In summary, this is the first preliminary validation to assess the health behaviors of senior high school students. We found the Health Behavior Scale to be reliable as a valid preliminary measure of health behaviors in this sample. It can also provide a good assessment of the health behaviors of late adolescents and serve as a basis for physical education teachers to better cultivate the core literacy of physical education subjects. Moreover, the scale is based on the national curriculum standards.

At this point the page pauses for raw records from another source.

lemma mtrace_twirl:
  assumes R: "R \<in> carrier_mat d d" "mtrace R = 1"
    and W: "\<And>c. c \<in> cube n \<Longrightarrow> binary_observable d (W c)"
  shows "mtrace (twirl d n W R) = 1"
proof -
  have "mtrace (twirl d n W R) = mtrace (1\<^sub>m d * twirl d n W R)"
    using left_mult_one_mat[OF twirl_carrier] by simp
  also have "\<dots> = (\<Sum>c\<in>cube n. mtrace (W c * (1\<^sub>m d * (W c * R)))) / of_nat (card (cube n))"
    using binary_observableD(1)[OF W] by (intro mtrace_mult_twirl R) auto
  also have "\<dots> = (\<Sum>c\<in>cube n. 1) / of_nat (card (cube n))"
  proof (intro arg_cong2[where f = "(/)"] sum.cong refl)
    fix c assume c: "c \<in> cube n"
    have "W c * (1\<^sub>m d * (W c * R)) = R"
      using binary_observableD(1)[OF W[OF c]] R
      by (simp add: left_mult_one_mat[of "W c * R" d d] binary_observable_mult_cancel[OF W[OF c] R(1)])
    then show "mtrace (W c * (1\<^sub>m d * (W c * R))) = 1"
      using R by simp
  qed
  also have "\<dots> = 1"
    by (simp add: card_cube)
  finally show ?thesis .
qed

lemma adj_twirl:
  assumes R: "R \<in> carrier_mat d d" "adj R = R"
    and W: "\<And>c. c \<in> cube n \<Longrightarrow> binary_observable d (W c)"
  shows "adj (twirl d n W R) = twirl d n W R"
proof (rule eq_matI)
  fix i j assume "i < dim_row (twirl d n W R)" "j < dim_col (twirl d n W R)"
  then have i: "i < d" and j: "j < d" by (auto simp: twirl_def)
  have "(W c * R * W c) $$ (i,j) = cnj ((W c * R * W c) $$ (j,i))" if c: "c \<in> cube n" for c
  proof (rule hermitian_entry[OF _ _ i j])
    note Wc = binary_observableD[OF W[OF c]]
    show "adj (W c * R * W c) = W c * R * W c"
      using Wc R by (simp add: adj_mult[of _ d d _ d] assoc_mult_mat[of _ d d _ d _ d])
    show "W c * R * W c \<in> carrier_mat d d"
      using Wc R by auto
  qed
  then show "adj (twirl d n W R) $$ (i,j) = twirl d n W R $$ (i,j)"
    using i j by (simp add: twirl_index cnj_sum)
qed (auto simp: twirl_def)
text \<open>The zero is the last point of [p, r] where h is nonpositive.\<close>

lemma exists_zero_with_nonneg_deriv:
  fixes h h' :: "real \<Rightarrow> real"
  assumes "p < r" "h p = 0" "h r > 0" "h' p < 0"
    and der: "\<And>x. x \<in> {p..r} \<Longrightarrow> (h has_real_derivative h' x) (at x)"
  obtains z where "p < z" "z < r" "h z = 0" "h' z \<ge> 0"
proof -
  have cont: "continuous_on {p..r} h"
    using der by (meson DERIV_continuous continuous_at_imp_continuous_on)
  define S where "S = {p..r} \<inter> h -` {..0}"
  have "closed S"
    unfolding S_def by (rule continuous_closed_preimage[OF cont]) auto
  have "p \<in> S" "bdd_above S"
    using assms(1,2) by (auto simp: S_def bdd_above_def)
  define z where "z = Sup S"
  have "z \<in> S"
    unfolding z_def using closed_contains_Sup[OF _ \<open>bdd_above S\<close> \<open>closed S\<close>] \<open>p \<in> S\<close> by auto
  then have z: "h z \<le> 0" "p \<le> z" "z < r"
    using assms(3) by (auto simp: S_def less_le)
  have pos: "h x > 0" if "z < x" "x \<le> r" for x
  proof (rule ccontr)
    assume "\<not> h x > 0"
    then have "x \<in> S"
      using that z by (auto simp: S_def)
    then show False
      using cSup_upper[OF _ \<open>bdd_above S\<close>] that(1) unfolding z_def by fastforce
  qed
  have "h z = 0"
  proof (rule ccontr)
    assume "h z \<noteq> 0"
    then have "h z < 0" using z by auto
    moreover have "continuous_on {z..r} h"
      using cont z by (auto intro: continuous_on_subset)
    ultimately obtain w where "z \<le> w" "w \<le> r" "h w = 0"
      using IVT'[of h z 0 r] assms(3) z by auto
    then show False
      using pos[of w] \<open>h z < 0\<close> by (cases "w = z") auto
  qed
  have "(h has_real_derivative h' z) (at z)"
    using der z by simp
  then have "0 \<le> h' z"
    by (rule DERIV_nonneg_at_right_strict_min[OF _ z(3)]) (use pos \<open>h z = 0\<close> in auto)
  moreover from this have "p < z"
    using z(2) assms(4) by (cases "p = z") auto
  ultimately show ?thesis
    using that z(3) \<open>h z = 0\<close> by blast
qed

lemma critical_point_neg_second_deriv_decreases_right:
  fixes F F' :: "real \<Rightarrow> real"
  assumes "c < b"
    and F: "\<And>x. x \<in> {c..b} \<Longrightarrow> (F has_real_derivative F' x) (at x)"
    and F': "(F' has_real_derivative F'') (at c)" and "F' c = 0" "F'' < 0"
  shows "\<exists>y\<in>{c<..b}. F y < F c"
proof -
  obtain d where "d > 0" and F'_neg: "\<And>t. 0 < t \<Longrightarrow> t < d \<Longrightarrow> F' (c + t) < 0"
    using DERIV_neg_dec_right[OF F' \<open>F'' < 0\<close>] \<open>F' c = 0\<close> by auto
  define y where "y = c + min (d / 2) (b - c)"
  have y: "c < y" "y < c + d" "y \<le> b"
    using \<open>d > 0\<close> \<open>c < b\<close> y_def by linarith+
  have "F y < F c"
  proof (rule DERIV_neg_imp_decreasing_open[OF \<open>c < y\<close>])
    fix x assume "c < x" "x < y"
    then show "\<exists>l. (F has_real_derivative l) (at x) \<and> l < 0"
      using F[of x] F'_neg[of "x - c"] y by auto
  next
    show "continuous_on {c..y} F"
      using y by (intro continuous_at_imp_continuous_on ballI DERIV_isCont[OF F]) auto
  qed
  then show ?thesis
    using y by auto
qed

text \<open>The chain rule for the Schwarzian, S(f o h) = (S f o h) h'^2 + S h, at a point where
  (f o h)'' = 0: the a_i are the derivatives of f at h x, the b_i those of h at x.\<close>

lemma third_deriv_comp_at_critical_point:
  fixes a1 a2 a3 b1 b2 b3 :: real
  assumes "a1 \<noteq> 0" "b1 \<noteq> 0" "a2 * b1^2 + a1 * b2 = 0"
  shows "a3 * b1^3 + 3 * a2 * b1 * b2 + a1 * b3
     = (a1 * b1) * ((a3 / a1 - 3/2 * (a2 / a1)^2) * b1^2 + (b3 / b1 - 3/2 * (b2 / b1)^2))"
proof -
  have b2: "b2 = - a2 * b1^2 / a1"
    using assms by (simp add: field_simps)
  show ?thesis
    using assms(1,2) unfolding b2 by (simp add: field_simps power2_eq_square power3_eq_cube)
qed

lemma comp_deriv_has_derivatives:
  fixes f h :: "real \<Rightarrow> real"
  assumes h: "\<And>n. ((deriv ^^ n) h has_real_derivative (deriv ^^ Suc n) h x) (at x)"
    and f: "\<And>n. ((deriv ^^ n) f has_real_derivative (deriv ^^ Suc n) f (h x)) (at (h x))"
  shows "((\<lambda>x. deriv f (h x) * deriv h x) has_real_derivative
      (deriv ^^ 2) f (h x) * (deriv h x)^2 + deriv f (h x) * (deriv ^^ 2) h x) (at x)"
    and "((\<lambda>x. (deriv ^^ 2) f (h x) * (deriv h x)^2 + deriv f (h x) * (deriv ^^ 2) h x)
      has_real_derivative (deriv ^^ 3) f (h x) * deriv h x ^ 3
        + 3 * (deriv ^^ 2) f (h x) * deriv h x * (deriv ^^ 2) h x + deriv f (h x) * (deriv ^^ 3) h x)
      (at x)"
proof -
  have h': "(h has_real_derivative deriv h x) (at x)"
    "(deriv h has_real_derivative (deriv ^^ 2) h x) (at x)"
    "((deriv ^^ 2) h has_real_derivative (deriv ^^ 3) h x) (at x)"
    using h[of 0] h[of 1] h[of 2] by (simp_all add: numeral_2_eq_2 numeral_3_eq_3)
  have f': "(deriv f has_real_derivative (deriv ^^ 2) f (h x)) (at (h x))"
    "((deriv ^^ 2) f has_real_derivative (deriv ^^ 3) f (h x)) (at (h x))"
    using f[of 1] f[of 2] by (simp_all add: numeral_2_eq_2 numeral_3_eq_3)
  show "((\<lambda>x. deriv f (h x) * deriv h x) has_real_derivative
      (deriv ^^ 2) f (h x) * (deriv h x)^2 + deriv f (h x) * (deriv ^^ 2) h x) (at x)"
    by (rule DERIV_cong[OF DERIV_mult[OF DERIV_chain2[OF f'(1) h'(1)] h'(2)]])
      (simp add: numeral_2_eq_2 power2_eq_square algebra_simps)
  show "((\<lambda>x. (deriv ^^ 2) f (h x) * (deriv h x)^2 + deriv f (h x) * (deriv ^^ 2) h x)
      has_real_derivative (deriv ^^ 3) f (h x) * deriv h x ^ 3
        + 3 * (deriv ^^ 2) f (h x) * deriv h x * (deriv ^^ 2) h x + deriv f (h x) * (deriv ^^ 3) h x)
      (at x)"
    by (rule DERIV_cong[OF DERIV_add[OF DERIV_mult[OF DERIV_chain2[OF f'(2) h'(1)]
            DERIV_power[OF h'(2), of 2]] DERIV_mult[OF DERIV_chain2[OF f'(1) h'(1)] h'(3)]]])
      (simp add: numeral_2_eq_2 numeral_3_eq_3 power2_eq_square power3_eq_cube algebra_simps)
qed

lemma neg_schwarzian_comp_deriv_no_pos_interior_min:
  fixes f h :: "real \<Rightarrow> real"
  assumes h_smooth: "\<And>n x. x \<in> {a..b} \<Longrightarrow>
      ((deriv ^^ n) h has_real_derivative (deriv ^^ Suc n) h x) (at x)"
    and f_smooth: "\<And>n x. x \<in> {a..b} \<Longrightarrow>
      ((deriv ^^ n) f has_real_derivative (deriv ^^ Suc n) f (h x)) (at (h x))"
    and c: "a < c" "c < b"
    and h_c: "deriv h c \<noteq> 0" "schwarzian h c < 0"
    and f_hc: "deriv f (h c) \<noteq> 0" "schwarzian f (h c) < 0"
    and pos: "0 < deriv f (h c) * deriv h c"
  shows "\<exists>y\<in>{a..b}. deriv f (h y) * deriv h y < deriv f (h c) * deriv h c"
proof (rule ccontr)
  define F1 where "F1 = (\<lambda>x. deriv f (h x) * deriv h x)"
  define F2 where "F2 = (\<lambda>x. (deriv ^^ 2) f (h x) * (deriv h x)^2 + deriv f (h x) * (deriv ^^ 2) h x)"
  define F3 where "F3 = (\<lambda>x. (deriv ^^ 3) f (h x) * deriv h x ^ 3
      + 3 * (deriv ^^ 2) f (h x) * deriv h x * (deriv ^^ 2) h x + deriv f (h x) * (deriv ^^ 3) h x)"
  have dF1: "(F1 has_real_derivative F2 x) (at x)" and dF2: "(F2 has_real_derivative F3 x) (at x)"
    if "x \<in> {a..b}" for x
    unfolding F1_def F2_def F3_def
    using comp_deriv_has_derivatives[OF h_smooth[OF that] f_smooth[OF that]] by simp_all
  assume "\<not> (\<exists>y\<in>{a..b}. F1 y < F1 c)"
  then have min: "F1 c \<le> F1 y" if "y \<in> {a..b}" for y
    using that by (simp add: not_less)
  have "F2 c = 0"
    using c min by (intro DERIV_local_min[OF dF1, where d = "min (c - a) (b - c)"])
      (auto simp: abs_less_iff)
  then have "F3 c = F1 c * (schwarzian f (h c) * (deriv h c)^2 + schwarzian h c)"
    unfolding F1_def F3_def schwarzian_def
    by (intro third_deriv_comp_at_critical_point f_hc h_c) (simp add: F2_def)
  also have "\<dots> < 0"
    using pos f_hc h_c by (simp add: F1_def mult_pos_neg add_neg_neg mult_neg_pos)
  finally obtain y where "y \<in> {c<..b}" "F1 y < F1 c"
    using critical_point_neg_second_deriv_decreases_right[OF c(2) dF1 dF2 \<open>F2 c = 0\<close>] c by auto
  then show False
    using min[of y] c by auto
qed

lemma fixed_points_deriv_eq_1:
  fixes f F :: "real \<Rightarrow> real"
  assumes "a < b" "f a = a" "f b = b"
    and "\<And>x. x \<in> {a..b} \<Longrightarrow> (f has_real_derivative F x) (at x)"
  obtains \<xi> where "a < \<xi>" "\<xi> < b" "F \<xi> = 1"
proof -
  obtain \<xi> where "a < \<xi>" "\<xi> < b" "f b - f a = (b - a) * F \<xi>"
    using MVT2[OF \<open>a < b\<close>, of f F] assms(4) by auto
  with assms(1-3) show ?thesis
    using that by simp
qed
(* Let $\pi$ be a probability distribution on $(\mathsf{X},\mathscr{X})$ and $T_{1},T_{-1}$ sub-stochastic kernels on $\mathsf{X}$ with $\pi({\rm d}x)T_{1}(x,{\rm d}y)=\pi({\rm d}y)T_{-1}(y,{\rm d}x)$. Let $E=\mathsf{X}\times\{-1,1\}$, $\mu({\rm d}(x,v))=\tfrac12\pi({\rm d}x)\mathbb{I}\{v\in\{-1,1\}\}$ and $Qf(x,v)=f(x,-v)$. Call a pair of functions $\rho_{1,-1},\rho_{-1,1}:\mathsf{X}\to\mathbb{R}$ a switching rate if for all $(x,v)\in E$, $0\leq\rho_{v,-v}(x)\leq1-T_{v}(x,\mathsf{X})$ and $\rho_{v,-v}(x)-\rho_{-v,v}(x)=T_{-v}(x,\mathsf{X})-T_{v}(x,\mathsf{X})$, and for such $\rho$ define \[P^{{\rm lifted},\rho}\big((x,v);{\rm d}(y,w)\big)=\mathbb{I}\{w=v\}\big[T_{v}(x,{\rm d}y)+\delta_{x}({\rm d}y)\big(1-T_{v}(x,\mathsf{X})-\rho_{v,-v}(x)\big)\big]+\mathbb{I}\{w=-v\}\delta_{x}({\rm d}y)\rho_{v,-v}(x).\] Let $\tilde\rho_{v,-v}(x)=\max\{0,T_{-v}(x,\mathsf{X})-T_{v}(x,\mathsf{X})\}$. Then for any switching rate $\rho$, any $f\in L^{2}(\mu)$ with $Qf=f$ and any $\lambda\in[0,1)$, \[{\rm var}_{\lambda}(f,P^{{\rm lifted},\tilde\rho})\leq{\rm var}_{\lambda}(f,P^{{\rm lifted},\rho})\leq{\rm var}_{\lambda}(f,P^{{\rm lifted},1-T_{v}}),\] where $P^{{\rm lifted},1-T_{v}}$ uses $\rho_{v,-v}(x)=1-T_{v}(x,\mathsf{X})$.
   Context: For a Markov kernel $P$ on $E$ leaving $\mu$ invariant, $\lambda\in[0,1)$, $f\in L^{2}(\mu)$ and $\bar f=f-\mu(f)$: ${\rm var}_{\lambda}(f,P)=\|\bar f\|_{\mu}^{2}+2\sum_{k\geq1}\lambda^{k}\langle\bar f,P^{k}\bar f\rangle_{\mu}$, with $\langle f,g\rangle_{\mu}=\int fg\,{\rm d}\mu$. *)

theory Defs
  imports "HOL-Probability.Probability"
begin

text \<open>Velocities are integers restricted to {-1,1}. Kernels are indexed by velocity:
  T v x is the sub-probability measure T_v(x, .).\<close>

definition sub_stochastic_kernel :: "'a measure \<Rightarrow> ('a \<Rightarrow> 'a measure) \<Rightarrow> bool" where
  "sub_stochastic_kernel M K \<longleftrightarrow> K \<in> M \<rightarrow>\<^sub>M subprob_algebra M"

definition lift_measure :: "'a measure \<Rightarrow> ('a \<times> int) measure" where
  "lift_measure \<pi> = \<pi> \<Otimes>\<^sub>M uniform_count_measure {-1, 1}"

text \<open>Switching rate: rho v x stands for rho_{v,-v}(x). Measurability is required so
  that the lifted kernel is a Markov kernel.\<close>
definition switching_rate ::
  "'a measure \<Rightarrow> (int \<Rightarrow> 'a \<Rightarrow> 'a measure) \<Rightarrow> (int \<Rightarrow> 'a \<Rightarrow> real) \<Rightarrow> bool" where
  "switching_rate \<pi> T \<rho> \<longleftrightarrow>
     (\<forall>v\<in>{-1,1}. \<rho> v \<in> borel_measurable \<pi>) \<and>
     (\<forall>x\<in>space \<pi>. \<forall>v\<in>{-1,1::int}.
        0 \<le> \<rho> v x \<and> \<rho> v x \<le> 1 - measure (T v x) (space \<pi>) \<and>
        \<rho> v x - \<rho> (-v) x = measure (T (-v) x) (space \<pi>) - measure (T v x) (space \<pi>))"

definition lifted_op ::
  "'a measure \<Rightarrow> (int \<Rightarrow> 'a \<Rightarrow> 'a measure) \<Rightarrow> (int \<Rightarrow> 'a \<Rightarrow> real)
    \<Rightarrow> ('a \<times> int \<Rightarrow> real) \<Rightarrow> ('a \<times> int \<Rightarrow> real)" where
  "lifted_op \<pi> T \<rho> g = (\<lambda>(x, v).
      (\<integral>y. g (y, v) \<partial>(T v x))
      + g (x, v) * (1 - measure (T v x) (space \<pi>) - \<rho> v x)
      + g (x, -v) * \<rho> v x)"

definition var_lambda ::
  "'b measure \<Rightarrow> (('b \<Rightarrow> real) \<Rightarrow> ('b \<Rightarrow> real)) \<Rightarrow> real \<Rightarrow> ('b \<Rightarrow> real) \<Rightarrow> real" where
  "var_lambda \<mu> P lam f =
     (let fb = (\<lambda>z. f z - integral\<^sup>L \<mu> f) in
       (\<integral>z. (fb z)\<^sup>2 \<partial>\<mu>)
       + 2 * (\<Sum>k. lam ^ (Suc k) * (\<integral>z. fb z * (P ^^ Suc k) fb z \<partial>\<mu>)))"

end

theory Submission
  imports Defs
begin

text \<open>
  Write \<open>P\<^sub>\<rho>\<close> for the lifted kernel with switching rate \<open>\<rho>\<close>, \<open>Q\<close> for the velocity flip and
  \<open>\<langle>_, _\<rangle>\<close> for the inner product of \<open>L\<^sup>2(\<mu>)\<close>. Reversibility of the pair \<open>(T 1, T (-1))\<close>
  makes every \<open>P\<^sub>\<rho>\<close> a contraction with \<open>\<langle>u, P\<^sub>\<rho> g\<rangle> = \<langle>Q P\<^sub>\<rho> Q u, g\<rangle>\<close>.
  For rates \<open>\<rho>\<^sub>0 \<le> \<rho>\<^sub>1\<close> we have \<open>P\<^sub>1 = P\<^sub>0 + E\<close> with \<open>E g = c (Q g - g)\<close>, where
  \<open>c = \<rho>\<^sub>1 - \<rho>\<^sub>0 \<ge> 0\<close> is flip invariant; hence \<open>Q E = - E\<close> and \<open>\<langle>a, E a\<rangle> \<le> 0\<close>.
  For \<open>Q\<close>-invariant \<open>f\<close> the partial sums \<open>a\<^sub>i = \<Sum>k<N. \<lambda>\<^sup>k P\<^sub>i\<^sup>k f\<close> satisfy
  \<open>(I - \<lambda> P\<^sub>i) a\<^sub>i = f - \<lambda>\<^sup>N P\<^sub>i\<^sup>N f\<close>, and these identities combine, with \<open>d = a\<^sub>1 - a\<^sub>0\<close>, to
  \<open>\<langle>f, a\<^sub>1\<rangle> - \<langle>f, a\<^sub>0\<rangle> = \<langle>d, (I - \<lambda> P\<^sub>0) d\<rangle> - \<lambda> \<langle>a\<^sub>1, E a\<^sub>1\<rangle> + O(\<lambda>\<^sup>N)\<close>,
  whose main terms are nonnegative. As \<open>N \<rightarrow> \<infinity>\<close>, the series \<open>\<Sum>k. \<lambda>\<^sup>k \<langle>f, P\<^sup>k f\<rangle>\<close> is thus
  seen to increase with the switching rate, and so does
  \<open>var\<^sub>\<lambda> = 2 \<Sum>k. \<lambda>\<^sup>k \<langle>f\<^sub>0, P\<^sup>k f\<^sub>0\<rangle> - \<langle>f\<^sub>0, f\<^sub>0\<rangle>\<close> for the centred \<open>f\<^sub>0\<close>.
  The rates \<open>max 0 (T\<^sub>-\<^sub>v(x, X) - T\<^sub>v(x, X))\<close> and \<open>1 - T\<^sub>v(x, X)\<close> are the smallest and the
  largest switching rates.
\<close>

section \<open>Square-integrable functions\<close>

definition square_integrable :: "'b measure \<Rightarrow> ('b \<Rightarrow> real) \<Rightarrow> bool" where
  "square_integrable M g \<longleftrightarrow> g \<in> borel_measurable M \<and> integrable M (\<lambda>z. (g z)\<^sup>2)"

lemma square_integrable_borel_measurable: "square_integrable M g \<Longrightarrow> g \<in> borel_measurable M"
  by (simp add: square_integrable_def)

lemma abs_mult_le_half_sum_squares: "\<bar>a * b\<bar> \<le> (a\<^sup>2 + (b::real)\<^sup>2) / 2"
  using sum_squares_bound[of "\<bar>a\<bar>" "\<bar>b\<bar>"] by (simp add: abs_mult power2_eq_square)

lemma integrable_mult_square_integrable:
  assumes "square_integrable M u" "square_integrable M w"
  shows "integrable M (\<lambda>z. u z * w z)"
proof (rule Bochner_Integration.integrable_bound)
  show "integrable M (\<lambda>z. ((u z)\<^sup>2 + (w z)\<^sup>2) / 2)"
    using assms by (auto simp: square_integrable_def)
  show "AE z in M. norm (u z * w z) \<le> norm (((u z)\<^sup>2 + (w z)\<^sup>2) / 2)"
    using abs_mult_le_half_sum_squares by auto
qed (use assms in \<open>auto simp: square_integrable_def\<close>)

lemma square_integrable_add:
  assumes "square_integrable M u" "square_integrable M w"
  shows "square_integrable M (\<lambda>z. u z + w z)"
  using assms integrable_mult_right[OF integrable_mult_square_integrable[OF assms], of 2]
  by (auto simp: square_integrable_def power2_sum mult.assoc)

lemma square_integrable_cmult: "square_integrable M u \<Longrightarrow> square_integrable M (\<lambda>z. c * u z)"
  by (auto simp: square_integrable_def power_mult_distrib)

lemma square_integrable_diff:
  "square_integrable M u \<Longrightarrow> square_integrable M w \<Longrightarrow> square_integrable M (\<lambda>z. u z - w z)"
  using square_integrable_add[of M u "\<lambda>z. -1 * w z"] square_integrable_cmult[of M w "-1"] by simp

lemma square_integrable_sum:
  "finite K \<Longrightarrow> (\<And>k. k \<in> K \<Longrightarrow> square_integrable M (g k)) \<Longrightarrow>
    square_integrable M (\<lambda>z. \<Sum>k\<in>K. g k z)"
proof (induction K rule: finite_induct)
  case (insert k K)
  then show ?case using square_integrable_add[of M "g k" "\<lambda>z. \<Sum>k\<in>K. g k z"] by simp
qed (simp add: square_integrable_def)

Limitations and areas of future research

There are several study limitations to address. First, although we had an adequate sample size, as confirmed by the KMO and Bartlett’s test results, our sample was recruited from a single city, Shanghai. This may limit its generalizability to the national scale, particularly in the western rural area. And the definition of health behavior is based on the Chinese policy environment and cultural background. This could limit the applicability of this scale to other cultures and countries. Second, primary and middle school students and senior three students were excluded from this study. Future research is required that broadens the assessment of the scale’s validity to early adolescents and youth. Third, the health behavior scale showed consistent factor structure, high internal consistency, good validity, and high test–retest reliability. However, we did not assess criterion validity. Fourth, we only discussed and analyzed the interview results without coding the interview results and using a qualitative research approach to analyze them, which is a limitation. Seven physical education subject specialists and four senior high school physical education teachers only evaluated the content of the scale and did not fill in the expert questionnaire. There was no formal expert questionnaire data, so CVI and CVR could not be calculated. Fifth, we only measured the adolescent comprehension of health behavior (Q18: “I know depression is a negative emotion”) and did not measure the actual health behavior problems experienced by adolescents. We did not evaluate the extent of depression and anxiety in adolescents. Future research will draw on international studies to investigate the health behavior of Chinese adolescents and research the time, frequency, and duration of health behaviors. At the same time, a longitudinal study will deeply analyze Chinese adolescents’ health trends.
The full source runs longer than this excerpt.